I have been running an old dangerous Stihl 041AV (untill now) I nearly took my leg off after a vicious kickback on a steep mountain slope. I Wanted something that would ba as durable as Tiny (041AV). I looked at Huskys, and noted that they are plastic shells, like the consumer Stihls.My questions for you devout Husky guys, have you ever broken or destroyed a husky due to a tumble down a hill (the saw, not you!).I purcahced a Stihl 036 Pro due to proportionate size, weight, and performance of the saw compared to my 041.


----------



## StIhL MaGnUm (Oct 4, 2002)

Almost all of the people I know have never broken a Husky case by dropping it etc..but a few have been broken by a skidder from time too time,all the stihls are plastic as well I don't know how you got a metal one my 044 MAg is plastic and my 064AV also...

Later Rob..


----------



## xander9727 (Oct 5, 2002)

088 for big hardwoods. Did the muffler and liked the power increase, but......I'm used to it now so I'll be boxing it up and sending it to KD. Been cutting quite a few large oaks lately 40"dbh and an 088 makes quick work of them. I don't have anything against Husky saws I just don't own one. Might try a 335 cali out. Talked to Ken and he said he told me the 088's have been making more power than the 3120. Alot of it comes down to the chevy/ford arguement. Use what works best for you.


----------



## rbtree (Oct 5, 2002)

Dennis,

Walker's dyno specs, while they may not be accurate, show a 48% hp gain for the 346. I'm sure mine, which you did, is better. 48% on top of the factory specs of 3.4 hp =5.0 hp. That seems about right, as mine was a tad behind a 5.4 hp Stihl 038 Magnum ll. But it might have kept up if the chains had been the same. 

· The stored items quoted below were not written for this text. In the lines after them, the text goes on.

lemma cayley_pullback_of_slash_eigenfunction:
  fixes M :: "real^2^2" and h :: "complex \<Rightarrow> complex"
  assumes det: "det M = 1" and \<mu>: "cmod \<mu> = 1" and "\<mu> + cnj \<mu> = of_real (M$1$1 + M$2$2)"
    and "M$2$1 \<noteq> 0" and "of_real (M$2$1) * \<tau> = \<mu> - of_real (M$2$2)" and \<tau>: "Im \<tau> > 0"
    and eigen: "\<forall>z\<in>upper_half_plane. slash (int K) h M z = \<zeta> * h z" and w: "w \<in> ball 0 1"
  shows "cayley_pullback K h \<tau> (cnj \<mu>^2 * w) = \<zeta> * \<mu>^K * cayley_pullback K h \<tau> w"
proof -
  have w: "cmod w < 1"
    using w by simp
  note rotation = mobius_cayley_eq_cayley_rotation[OF assms(1-5) w]
  have "cmod (cnj \<mu>^2 * w) < 1"
    using w \<mu> by (simp add: norm_mult norm_power)
  then have nz: "1 - w \<noteq> 0" "1 - cnj \<mu>^2 * w \<noteq> 0" "\<mu> \<noteq> 0"
    using w \<mu> by auto
  have "cayley \<tau> w \<in> upper_half_plane"
    using cayley_image_ball[OF \<tau>] w by auto
  then have "slash (int K) h M (cayley \<tau> w) = \<zeta> * h (cayley \<tau> w)"
    using eigen by blast
  then have "h (cayley \<tau> (cnj \<mu>^2 * w)) = \<zeta> * h (cayley \<tau> w) * (\<mu> * (1 - cnj \<mu>^2 * w) / (1 - w))^K"
    using nz unfolding slash_def det rotation(2) unfolding rotation(1)
    by (simp add: power_int_minus field_simps)
  also have "\<dots> = \<zeta> * \<mu>^K * (h (cayley \<tau> w) / (1 - w)^K) * (1 - cnj \<mu>^2 * w)^K"
    by (simp add: power_divide power_mult_distrib)
  finally show ?thesis
    using nz by (simp add: cayley_pullback_def)
qed

theorem lemma4p2:
  fixes k :: int and h :: "complex \<Rightarrow> complex" and M :: "real^2^2" and \<zeta> :: complex
  assumes "k > 0"
    and "h holomorphic_on upper_half_plane"
    and "M \<in> SL2R" and "elliptic M" and "infinite_order M"
    and "\<zeta> \<noteq> 0" and "root_of_unity \<zeta>"
    and "\<forall>z\<in>upper_half_plane. slash k h M z = \<zeta> * h z"
  shows "\<forall>z\<in>upper_half_plane. h z = 0"
proof
  have det: "det M = 1"
    using assms(3) by (simp add: SL2R_def)
  obtain \<mu> \<tau> where \<mu>: "cmod \<mu> = 1" "Im \<mu> \<noteq> 0" "\<mu> + cnj \<mu> = of_real (M$1$1 + M$2$2)"
    and \<tau>: "of_real (M$2$1) * \<tau> = \<mu> - of_real (M$2$2)" "Im \<tau> > 0"
    using elliptic_fixed_point[OF assms(4)] .
  obtain K where K: "k = int K" "K > 0"
    using assms(1) by (metis pos_int_cases)
  have eigen: "cayley_pullback K h \<tau> (cnj \<mu>^2 * w) = \<zeta> * \<mu>^K * cayley_pullback K h \<tau> w"
    if "w \<in> ball 0 1" for w
    using cayley_pullback_of_slash_eigenfunction[OF det \<mu>(1,3)
        elliptic_lower_left_nonzero[OF assms(4)] \<tau>] assms(8) K that by simp
  have not_power: "(cnj \<mu>^2)^n \<noteq> \<zeta> * \<mu>^K" for n
    by (rule cnj_square_power_ne_root_of_unity_times_power[OF \<mu>(1)
          eigenvalue_power_ne_1_if_infinite_order[OF assms(5) det \<mu>] assms(7) K(2)])
  have "cmod (cnj \<mu>^2) \<le> 1"
    using \<mu>(1) by (simp add: norm_power)
  note pullback_eq_0 = holomorphic_scaling_eigenfunction_eq_0[OF
      holomorphic_on_cayley_pullback[OF assms(2) \<tau>(2)] this eigen not_power]
  fix z assume "z \<in> upper_half_plane"
  then obtain w where w: "w \<in> ball 0 1" "z = cayley \<tau> w"
    using cayley_image_ball[OF \<tau>(2)] by blast
  then have "w \<noteq> 1"
    by auto
  with w pullback_eq_0 show "h z = 0"
    by (auto simp: cayley_pullback_def)
qed

end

Simply put,it is an amazing machine.


----------



## Ryan Willock (Oct 5, 2002)

i used my 346 quite a bit today and the more i use it the more i like it


----------



## StIhL MaGnUm (Oct 6, 2002)

Ryan,

So now how does a 372XP look   

Later Rob.....


----------



## Ryan Willock (Oct 6, 2002)

haven't gotten one yet but all in good time.....


----------